If Elizabeth Sewell's views on the education of girls became more realistic and somewhat less visionary as she grew older, it is probably due to her own grappling with the problems of founding and operating a school on a shoestring budget. St. Boniface School at Ventnor, Isle of Wight, was founded in 1865, but it did not become self-supporting until years later. This venture unquestionably drew on all her previous experience in education from her work in the village school at Bonchurch during the Laneton Parsonage period (see Journal entry for April 7, 1849) through her long years of receiving pupils in her own home, a practice that continued up until 1890. Yet the St. Boniface venture was distinct from either of these in that it was aimed at daughters of middle-class families, whereas the village school had accommodated chiefly lower-class children and Miss Sewell's private venture at Ashcliff served the upper classes.
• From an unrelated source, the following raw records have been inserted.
lemma records_unbounded:
  assumes "Well_order t" and "Well_order r" and "g ` Field t \<subseteq> Field r"
    and "\<xi> \<in> Field t" and "b \<in> Field r" and "(b, g \<xi>) \<in> r"
  shows "\<exists>\<xi>'\<in>records t g r. (b, g \<xi>') \<in> r"
proof -
  interpret r: wo_rel r using assms(2) by (simp add: wo_rel_def)
  interpret t: wo_rel t using assms(1) by (simp add: wo_rel_def)
  define S where "S = {\<xi> \<in> Field t. (b, g \<xi>) \<in> r}"
  have "\<xi> \<in> S" using assms(4,6) by (simp add: S_def)
  then obtain \<xi>' where \<xi>': "\<xi>' \<in> S" and least: "\<And>\<eta>. (\<eta>, \<xi>') \<in> t - Id \<Longrightarrow> \<eta> \<notin> S"
    using wfE_min[OF t.WF] by metis
  have "g \<eta> \<in> underS r (g \<xi>')" if "\<eta> \<in> underS t \<xi>'" for \<eta>
  proof -
    have "\<eta> \<notin> S" using that least unfolding underS_def by blast
    moreover have "\<eta> \<in> Field t" using that Order_Relation.underS_Field by fast
    ultimately have "(b, g \<eta>) \<notin> r" and "g \<eta> \<in> Field r"
      using assms(3) unfolding S_def by auto
    then have "g \<eta> \<in> underS r b"
      using assms(5) r.TOTALS refl_onD[OF r.REFL assms(5)] unfolding underS_def by blast
    then show ?thesis
      using underS_incr[OF r.TRANS r.ANTISYM] \<xi>' unfolding S_def by blast
  qed
  then show ?thesis using \<xi>' unfolding records_def S_def by blast
qed

lemma records_below:
  assumes "Well_order t" and "Well_order r" and "\<xi>' \<in> records t g r"
  shows "g ` records t g r \<inter> underS r (g \<xi>') \<subseteq> g ` underS t \<xi>'"
proof
  interpret r: wo_rel r using assms(2) by (simp add: wo_rel_def)
  interpret t: wo_rel t using assms(1) by (simp add: wo_rel_def)
  fix x assume "x \<in> g ` records t g r \<inter> underS r (g \<xi>')"
  then obtain \<xi> where \<xi>: "\<xi> \<in> records t g r" "x = g \<xi>" "g \<xi> \<in> underS r (g \<xi>')"
    by blast
  have "\<xi>' \<notin> underS t \<xi>"
    using \<xi> r.ANTISYM unfolding records_def underS_def by (auto dest: antisymD)
  moreover have "\<xi> \<noteq> \<xi>'" using \<xi>(3) underS_notIn by fast
  ultimately have "\<xi> \<in> underS t \<xi>'"
    using \<xi>(1) assms(3) t.TOTALS unfolding records_def underS_def by blast
  then show "x \<in> g ` underS t \<xi>'" using \<xi>(2) by blast
qed

lemma records_image_cofinal:
  assumes "Well_order t" and "Well_order r" and "cofinal_in r (g ` Field t) a"
  shows "cofinal_in r (g ` records t g r) a"
  unfolding cofinal_in_def
proof (intro conjI ballI)
  have "records t g r \<subseteq> Field t" by (auto simp: records_def)
  then show "g ` records t g r \<subseteq> underS r a"
    using assms(3) unfolding cofinal_in_def by blast
  have gF: "g ` Field t \<subseteq> Field r"
    using assms(3) Order_Relation.underS_Field[of r a] unfolding cofinal_in_def by blast
  fix b assume b: "b \<in> underS r a"
  then obtain \<xi> where \<xi>: "\<xi> \<in> Field t" "(b, g \<xi>) \<in> r"
    using assms(3) unfolding cofinal_in_def by blast
  have "b \<in> Field r" using b Order_Relation.underS_Field[of r a] by blast
  then show "\<exists>c\<in>g ` records t g r. (b, c) \<in> r"
    using records_unbounded[OF assms(1,2) gF \<xi>(1)] \<xi>(2) by blast
qed
lemma back_diff_eq_0:
  assumes "x - real k * h < -1"
  shows "back_diff k h f x = 0"
proof -
  have l: "x - real k * h / 2 - real k * h / 2 = x - real k * h"
    and r: "x - real k * h / 2 + real k * h / 2 = x" by simp_all
  show ?thesis using assms unfolding back_diff_def sym_diff_def l r by simp
qed

lemma k_monotone_plus_abs_back_diff_le:
  assumes f: "f \<in> k_monotone_plus k" and "k \<ge> 1" and "h > 0"
    and x: "-1 < x - real k * h" "x < 1"
  shows "\<bar>back_diff k h f x\<bar> \<le> 2 ^ k * f x"
proof -
  have node: "-1 < x - real k * h + real i * h \<and> x - real k * h + real i * h \<le> x" if "i \<le> k" for i
  proof -
    have "0 \<le> real i * h" and "real i * h \<le> real k * h"
      using \<open>h > 0\<close> that by (simp_all add: mult_right_mono)
    then show ?thesis using x by linarith
  qed
  have "\<bar>back_diff k h f x\<bar>
      \<le> (\<Sum>i=0..k. \<bar>real (k choose i) * (-1) ^ (k - i) * f (x - real k * h + real i * h)\<bar>)"
    unfolding back_diff_eq_sum[OF less_imp_le less_imp_le, OF x] by (rule sum_abs)
  also have "\<dots> \<le> (\<Sum>i=0..k. real (k choose i) * f x)"
  proof (rule sum_mono)
    fix i assume "i \<in> {0..k}"
    define p where "p = x - real k * h + real i * h"
    have p: "-1 < p" "p \<le> x" using node \<open>i \<in> {0..k}\<close> unfolding p_def by auto
    have "0 \<le> f p" using k_monotone_plus_nonneg[OF f] p x by simp
    moreover have "f p \<le> f x"
      using k_monotone_plus_mono[OF f \<open>k \<ge> 1\<close>] p x by (cases "p = x") auto
    ultimately show "\<bar>real (k choose i) * (-1) ^ (k - i) * f p\<bar> \<le> real (k choose i) * f x"
      by (simp add: abs_mult power_abs mult_left_mono)
  qed
  also have "\<dots> = 2 ^ k * f x"
    using choose_row_sum[of k] by (simp add: atLeast0AtMost flip: sum_distrib_right of_nat_sum)
  finally show ?thesis .
qed
(* Any braid $b\in\mathcal{B}_3$ which is not a power of $\Delta_3$ can be written in a unique way in the form $\sigma_j^k\,b_1\,\Delta_3^{\ell}$, where $j=1$ or $j=2$, $k\ne0$ is an integer, $\ell$ is a (not necessarily even) integer, and $b_1$ is a word in $\sigma_1^2$ and $\sigma_2^2$ in reduced form such that, if $b_1$ is not the identity, the first term of $b_1$ is a non-zero even power of $\sigma_2$ if $j=1$, and a non-zero even power of $\sigma_1$ if $j=2$.
   Context: $\mathcal{B}_3$ is the braid group on three strands with standard generators $\sigma_1,\sigma_2$; $\Delta_3=\sigma_1\sigma_2\sigma_1$ is the Garside element. A word in $\sigma_1^2,\sigma_2^2$ in reduced form is a product of nonzero powers of $\sigma_1^2$ and $\sigma_2^2$ alternating between the two; its terms are these maximal powers. *)

theory Defs
  imports Main
begin

text \<open>Braid group B_3 presented by words in the letters 1, 2, -1, -2
  (sigma_1, sigma_2 and their inverses) modulo the congruence generated by
  free cancellation and the braid relation sigma_1 sigma_2 sigma_1 = sigma_2 sigma_1 sigma_2.\<close>

definition letters :: "int set" where
  "letters = {1, -1, 2, -2}"

inductive braid_eq :: "int list \<Rightarrow> int list \<Rightarrow> bool" where
  refl: "braid_eq u u"
| sym: "braid_eq u v \<Longrightarrow> braid_eq v u"
| trans: "braid_eq u v \<Longrightarrow> braid_eq v w \<Longrightarrow> braid_eq u w"
| cancel: "a \<in> letters \<Longrightarrow> braid_eq (u @ [a, -a] @ v) (u @ v)"
| braid_rel: "braid_eq (u @ [1, 2, 1] @ v) (u @ [2, 1, 2] @ v)"

definition spow :: "int \<Rightarrow> int \<Rightarrow> int list" where
  "spow j k = (if 0 \<le> k then replicate (nat k) j else replicate (nat (-k)) (-j))"

definition delta_pow :: "int \<Rightarrow> int list" where
  "delta_pow l = (if 0 \<le> l then concat (replicate (nat l) [1, 2, 1])
                  else concat (replicate (nat (-l)) [-1, -2, -1]))"

text \<open>A word in sigma_1^2, sigma_2^2 given by its list of terms: (g, e) stands for
  the term (sigma_g^2)^e = sigma_g^(2e).\<close>
definition sq_word :: "(int \<times> int) list \<Rightarrow> int list" where
  "sq_word ts = concat (map (\<lambda>(g, e). spow g (2 * e)) ts)"

definition reduced_sq :: "(int \<times> int) list \<Rightarrow> bool" where
  "reduced_sq ts \<longleftrightarrow> (\<forall>(g, e) \<in> set ts. g \<in> {1, 2} \<and> e \<noteq> 0)
      \<and> (\<forall>i. Suc i < length ts \<longrightarrow> fst (ts ! i) \<noteq> fst (ts ! Suc i))"

definition normal_data :: "int \<Rightarrow> int \<Rightarrow> (int \<times> int) list \<Rightarrow> int \<Rightarrow> bool" where
  "normal_data j k ts l \<longleftrightarrow> j \<in> {1, 2} \<and> k \<noteq> 0 \<and> reduced_sq ts
      \<and> (ts \<noteq> [] \<longrightarrow> fst (hd ts) = 3 - j)"

end

theory Submission
  imports Defs
begin

(* Both existence and uniqueness come from an action of words on normal forms.  A letter
   sigma_i^d (d = 1 or -1) acts on sigma_j^k b_1 Delta^l by left multiplication: for i = j it
   changes k, and for i <> j with k odd it uses sigma_i^d sigma_j^d = sigma_j^(-d) Delta^d and
   moves Delta^d to the right end, where conjugation by Delta exchanges sigma_1 and sigma_2.
   The action respects free cancellation and the braid relation, so it factors through B_3.
   Evaluating a word on Delta^0 gives a normal form equivalent to it, and evaluating the word
   of a normal form gives back that normal form; hence equivalent normal forms coincide. *)

section \<open>Relations in the braid group\<close>

declare braid_eq.refl [simp] braid_eq.trans [trans]

lemma braid_eq_append_cong: "braid_eq u v \<Longrightarrow> braid_eq (p @ u @ q) (p @ v @ q)"
proof (induction rule: braid_eq.induct)
  case (sym u v) show ?case using sym.IH by (rule braid_eq.sym)
next
  case (trans u v w) show ?case using trans.IH by (rule braid_eq.trans)
next
  case (cancel a u v) then show ?case using braid_eq.cancel[of a "p @ u" "v @ q"] by simp
next
  case (braid_rel u v) then show ?case using braid_eq.braid_rel[of "p @ u" "v @ q"] by simp
qed (rule braid_eq.refl)

lemma braid_eq_append_left: "braid_eq u v \<Longrightarrow> braid_eq (p @ u) (p @ v)"
  using braid_eq_append_cong[of u v p "[]"] by simp

lemma braid_eq_append_right: "braid_eq u v \<Longrightarrow> braid_eq (u @ q) (v @ q)"
  using braid_eq_append_cong[of u v "[]" q] by simp

lemma braid_eq_Cons: "braid_eq u v \<Longrightarrow> braid_eq (a # u) (a # v)"
  using braid_eq_append_left[of u v "[a]"] by simp

lemma braid_eq_cancel_Cons: "a \<in> letters \<Longrightarrow> braid_eq (a # -a # v) v"
  using braid_eq.cancel[of a "[]" v] by simp

lemma braid_eq_cancel_mid: "a \<in> letters \<Longrightarrow> braid_eq (u @ a # -a # v) (u @ v)"
  using braid_eq.cancel[of a u v] by simp

lemma braid_eq_rel_mid: "braid_eq (u @ 1 # 2 # 1 # v) (u @ 2 # 1 # 2 # v)"
  using braid_eq.braid_rel[of u v] by simp

lemma in_letters [simp]: "1 \<in> letters" "2 \<in> letters" "-1 \<in> letters" "-2 \<in> letters"
  by (simp_all add: letters_def)

lemma delta_pow_one [simp]: "delta_pow 1 = [1, 2, 1]" "delta_pow (-1) = [-1, -2, -1]"
  by (simp_all add: delta_pow_def)

definition swap_letter :: "int \<Rightarrow> int" where
  "swap_letter a = (if 0 < a then 3 - a else - 3 - a)"
(* Let $U_1,\dots,U_n$ be unitary operators on a Hilbert space and let ${\bf U}=U_n U_{n-1}\cdots U_1$. Suppose each $U_i$ is split as $U_i=G_i+B_i$, where $G_i,B_i$ are bounded operators (not necessarily unitary) with $\|B_i\|\le\epsilon$, so that $\|G_i\|\le 1+\epsilon$. Fix an integer $1\le k\le n$. Expanding the product ${\bf U}=\prod_{i}(G_i+B_i)$ into the $2^n$ ordered products, let ${\bf B}$ be the sum of all those products that contain at least $k$ factors of the form $B_i$, and ${\bf G}={\bf U}-{\bf B}$. Then $$\|{\bf B}\|\le \binom{n}{k}\epsilon^k(1+\epsilon)^{n-k}.$$ If moreover every $G_i$ is unitary, then $$\|{\bf B}\|\le \binom{n}{k}\epsilon^k.$$
   Context: $\|\cdot\|$ denotes the operator norm $\|A\|=\max_{\|\psi\|=1}\|A\psi\|$. *)

theory Defs
  imports "HOL-Analysis.Analysis"
begin

text \<open>A unitary operator on a (real) Hilbert space: a bounded linear operator
  that is a surjective isometry (equivalently U* U = U U* = I).\<close>
definition unitary_op :: "('a::{real_inner,complete_space} \<Rightarrow>\<^sub>L 'a) \<Rightarrow> bool" where
  "unitary_op U \<longleftrightarrow> (\<forall>x. norm (blinfun_apply U x) = norm x) \<and> surj (blinfun_apply U)"

fun ord_prod :: "(nat \<Rightarrow> ('a::real_normed_vector \<Rightarrow>\<^sub>L 'a)) \<Rightarrow> nat \<Rightarrow> ('a \<Rightarrow>\<^sub>L 'a)" where
  "ord_prod F 0 = id_blinfun"
| "ord_prod F (Suc m) = F (Suc m) o\<^sub>L ord_prod F m"

text \<open>Sum of all ordered products in the expansion of prod_i (G i + B i), i = 1..n,
  that contain at least k factors B i. S is the set of positions where B is chosen.\<close>
definition bad_part :: "(nat \<Rightarrow> ('a::real_normed_vector \<Rightarrow>\<^sub>L 'a)) \<Rightarrow> (nat \<Rightarrow> ('a \<Rightarrow>\<^sub>L 'a)) \<Rightarrow> nat \<Rightarrow> nat \<Rightarrow> ('a \<Rightarrow>\<^sub>L 'a)" where
  "bad_part G B n k = (\<Sum>S\<in>{S. S \<subseteq> {1..n} \<and> k \<le> card S}.
       ord_prod (\<lambda>i. if i \<in> S then B i else G i) n)"

end

theory Submission
  imports Defs
begin

text \<open>Splitting the expansion according to the factor chosen at the last position gives
  the Pascal-type recursion
  \<open>bad_part (n+1) k = B (n+1) o bad_part n (k-1) + G (n+1) o bad_part n k\<close>,
  with \<open>bad_part n 0 = U n o ... o U 1\<close> of norm at most 1. By submultiplicativity,
  the triangle inequality and Pascal's rule, induction on \<open>n\<close> gives
  \<open>norm (bad_part n k) \<le> (n choose k) * \<epsilon>^k * g^(n-k)\<close> whenever every \<open>G i\<close>
  has norm at most \<open>g \<ge> 1\<close>; take \<open>g = 1 + \<epsilon>\<close> in general and \<open>g = 1\<close> when the
  \<open>G i\<close> are unitary.\<close>

lemma sum_subsets_card_ge_insert:
  assumes "finite A" "a \<notin> A"
  shows "(\<Sum>S\<in>{S. S \<subseteq> insert a A \<and> k \<le> card S}. f S)
       = (\<Sum>T\<in>{T. T \<subseteq> A \<and> k - 1 \<le> card T}. f (insert a T))
       + (\<Sum>T\<in>{T. T \<subseteq> A \<and> k \<le> card T}. f T)"
proof -
  let ?with_a = "{T. T \<subseteq> A \<and> k - 1 \<le> card T}" and ?without_a = "{T. T \<subseteq> A \<and> k \<le> card T}"
  have fin: "finite {T. T \<subseteq> A \<and> P T}" for P
    using \<open>finite A\<close> by auto
  have card_insert: "card (insert a T) = Suc (card T)" if "T \<subseteq> A" for T
    using that assms finite_subset by (metis card_insert_disjoint subsetD)
  have split: "{S. S \<subseteq> insert a A \<and> k \<le> card S} = insert a ` ?with_a \<union> ?without_a"
  proof (intro equalityI subsetI)
    fix S assume S: "S \<in> {S. S \<subseteq> insert a A \<and> k \<le> card S}"
    show "S \<in> insert a ` ?with_a \<union> ?without_a"
    proof (cases "a \<in> S")
      case True
      with S have "S - {a} \<in> ?with_a" "S = insert a (S - {a})"
        using card_insert[of "S - {a}"] by auto
      then show ?thesis by blast
    qed (use S in auto)
  qed (use card_insert in auto)
  have "inj_on (insert a) ?with_a"
    using assms by (auto simp: inj_on_def)
  then show ?thesis
    unfolding split using assms fin
    by (subst sum.union_disjoint) (auto simp: sum.reindex)
qed

lemma ord_prod_cong:
  "(\<And>i. i \<in> {1..n} \<Longrightarrow> F i = F' i) \<Longrightarrow> ord_prod F n = ord_prod F' n"
  by (induction n) auto

lemma bad_part_0: "bad_part G B 0 k = (if k = 0 then id_blinfun else 0)"
proof -
  have "{S. S \<subseteq> {1..0::nat} \<and> k \<le> card S} = (if k = 0 then {{}} else {})"
    by auto
  then show ?thesis
    unfolding bad_part_def by auto
qed

lemma bad_part_Suc:
  "bad_part G B (Suc n) k
     = (B (Suc n) o\<^sub>L bad_part G B n (k - 1)) + (G (Suc n) o\<^sub>L bad_part G B n k)"
proof -
  define F where "F S i = (if i \<in> S then B i else G i)" for S i
  have chosen: "ord_prod (F (insert (Suc n) T)) (Suc n) = B (Suc n) o\<^sub>L ord_prod (F T) n"
    if "T \<subseteq> {1..n}" for T
    using ord_prod_cong[of n "F (insert (Suc n) T)" "F T"] by (simp add: F_def)
  have not_chosen: "ord_prod (F T) (Suc n) = G (Suc n) o\<^sub>L ord_prod (F T) n"
    if "T \<subseteq> {1..n}" for T
    using that by (auto simp: F_def)
  have "bad_part G B (Suc n) k = (\<Sum>S\<in>{S. S \<subseteq> insert (Suc n) {1..n} \<and> k \<le> card S}.
      ord_prod (F S) (Suc n))"
    unfolding bad_part_def F_def by (simp add: atLeastAtMostSuc_conv)
  also have "\<dots> = (\<Sum>T\<in>{T. T \<subseteq> {1..n} \<and> k - 1 \<le> card T}. B (Suc n) o\<^sub>L ord_prod (F T) n)
      + (\<Sum>T\<in>{T. T \<subseteq> {1..n} \<and> k \<le> card T}. G (Suc n) o\<^sub>L ord_prod (F T) n)"
    by (subst sum_subsets_card_ge_insert)
      (auto intro!: arg_cong2[where f = "(+)"] sum.cong chosen not_chosen simp del: ord_prod.simps)
  also have "\<dots> = (B (Suc n) o\<^sub>L bad_part G B n (k - 1)) + (G (Suc n) o\<^sub>L bad_part G B n k)"
    unfolding bad_part_def F_def bounded_bilinear.sum_right[OF bounded_bilinear_blinfun_compose] ..
  finally show ?thesis .
qed

lemma pascal_step_with_powers:
  fixes e g :: "'a::comm_semiring_1"
  shows "e * (of_nat (n choose j) * e ^ j * g ^ (n - j))
       + g * (of_nat (n choose Suc j) * e ^ Suc j * g ^ (n - Suc j))
       = of_nat (Suc n choose Suc j) * e ^ Suc j * g ^ (Suc n - Suc j)"
proof (cases "j < n")
  case True
  then have "n - j = Suc (n - Suc j)"
    by simp
  then show ?thesis
    by (simp add: algebra_simps)
next
  case False
  then show ?thesis
    by (simp add: binomial_eq_0 algebra_simps)
qed

lemma norm_bad_part_le:
  fixes G B :: "nat \<Rightarrow> ('a::real_normed_vector \<Rightarrow>\<^sub>L 'a)"
  assumes sum_le: "\<And>i. i \<in> {1..n} \<Longrightarrow> norm (G i + B i) \<le> 1"
    and B_le: "\<And>i. i \<in> {1..n} \<Longrightarrow> norm (B i) \<le> e"
    and G_le: "\<And>i. i \<in> {1..n} \<Longrightarrow> norm (G i) \<le> g"
    and "1 \<le> g"
  shows "norm (bad_part G B n k) \<le> real (n choose k) * e ^ k * g ^ (n - k)"
  using sum_le B_le G_le
proof (induction n arbitrary: k)
  case 0
  then show ?case
    by (cases k) (auto simp: bad_part_0 norm_blinfun_id_le)
next
  case (Suc n)
  have IH: "norm (bad_part G B n k') \<le> real (n choose k') * e ^ k' * g ^ (n - k')" for k'
    using Suc by simp
  have last: "norm (G (Suc n) + B (Suc n)) \<le> 1" "norm (B (Suc n)) \<le> e" "norm (G (Suc n)) \<le> g"
    using Suc.prems by auto
  have "0 \<le> e"
    using last(2) norm_ge_zero order_trans by blast
  show ?case
  proof (cases k)
    case 0
    then have "bad_part G B (Suc n) k = (G (Suc n) + B (Suc n)) o\<^sub>L bad_part G B n 0"
      by (simp add: bad_part_Suc bounded_bilinear.add_left[OF bounded_bilinear_blinfun_compose] add.commute)
    also have "norm \<dots> \<le> 1 * g ^ n"
      using IH[of 0] last(1) by (intro order_trans[OF norm_blinfun_compose] mult_mono) auto
    also have "\<dots> \<le> g ^ Suc n"
      using \<open>1 \<le> g\<close> by simp
    finally show ?thesis
      using 0 by simp
  next
    case (Suc j)
    have "norm (bad_part G B (Suc n) k)
        \<le> norm (B (Suc n)) * norm (bad_part G B n j) + norm (G (Suc n)) * norm (bad_part G B n k)"
      unfolding bad_part_Suc Suc
      by (intro order_trans[OF norm_triangle_ineq] add_mono) (simp_all add: norm_blinfun_compose)
    also have "\<dots> \<le> e * (real (n choose j) * e ^ j * g ^ (n - j))
        + g * (real (n choose k) * e ^ k * g ^ (n - k))"
      using IH last(2,3) \<open>0 \<le> e\<close> \<open>1 \<le> g\<close> by (intro add_mono mult_mono) auto
    also have "\<dots> = real (Suc n choose k) * e ^ k * g ^ (Suc n - k)"
      unfolding Suc by (rule pascal_step_with_powers)
    finally show ?thesis .
  qed
qed

lemma norm_unitary_op_le:
  assumes "unitary_op U"
  shows "norm U \<le> 1"
  using assms unfolding unitary_op_def by (intro norm_blinfun_bound) auto

theorem lemma1:
  fixes U G B :: "nat \<Rightarrow> ('a::{real_inner,complete_space} \<Rightarrow>\<^sub>L 'a)"
    and n k :: nat and \<epsilon> :: real
  assumes unitary: "\<And>i. i \<in> {1..n} \<Longrightarrow> unitary_op (U i)"
    and split: "\<And>i. i \<in> {1..n} \<Longrightarrow> U i = G i + B i"
    and small: "\<And>i. i \<in> {1..n} \<Longrightarrow> norm (B i) \<le> \<epsilon>"
    and k: "1 \<le> k" "k \<le> n"
  shows "norm (bad_part G B n k) \<le> real (n choose k) * \<epsilon> ^ k * (1 + \<epsilon>) ^ (n - k)
     \<and> ((\<forall>i\<in>{1..n}. unitary_op (G i)) \<longrightarrow> norm (bad_part G B n k) \<le> real (n choose k) * \<epsilon> ^ k)"
proof (intro conjI impI)
  have "0 \<le> \<epsilon>"
    using order_trans[OF norm_ge_zero small[of 1]] k by simp
  have U_le: "norm (G i + B i) \<le> 1" if "i \<in> {1..n}" for i
    using norm_unitary_op_le[OF unitary[OF that]] split[OF that] by simp
  have "norm (G i) \<le> 1 + \<epsilon>" if "i \<in> {1..n}" for i
    using norm_triangle_ineq4[of "G i + B i" "B i"] U_le[OF that] small[OF that] by simp
  then show "norm (bad_part G B n k) \<le> real (n choose k) * \<epsilon> ^ k * (1 + \<epsilon>) ^ (n - k)"
    using U_le small \<open>0 \<le> \<epsilon>\<close> by (intro norm_bad_part_le) simp_all
  assume "\<forall>i\<in>{1..n}. unitary_op (G i)"
  then have "norm (bad_part G B n k) \<le> real (n choose k) * \<epsilon> ^ k * 1 ^ (n - k)"
    by (intro norm_bad_part_le U_le small norm_unitary_op_le) auto
  then show "norm (bad_part G B n k) \<le> real (n choose k) * \<epsilon> ^ k"
    by simp
qed

end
Like Nathaniel Woodard of the well known Woodard Schools and many others of the mid-nineteenth century. Miss Sewell had become concerned for the social class which any thoughtful observer of the English educational scene could see was worst off. The Report of the Committee of Council, 1870-71, put the matter very succinctly: "The middle-class, it is generally admitted, is the neglected class. The rich endowments of the public schools and universities chiefly benefit the upper classes; the small grammar school is converted into a national school for the education of the poor."2 For the girl of the middle class the situation was particularly critical. Few adequate schools for girls existed at any level. A tradesman might be too proud to send his daughter to a national school and too poor to send her to a private school. Besides, a high fee was no guarantee of high quality.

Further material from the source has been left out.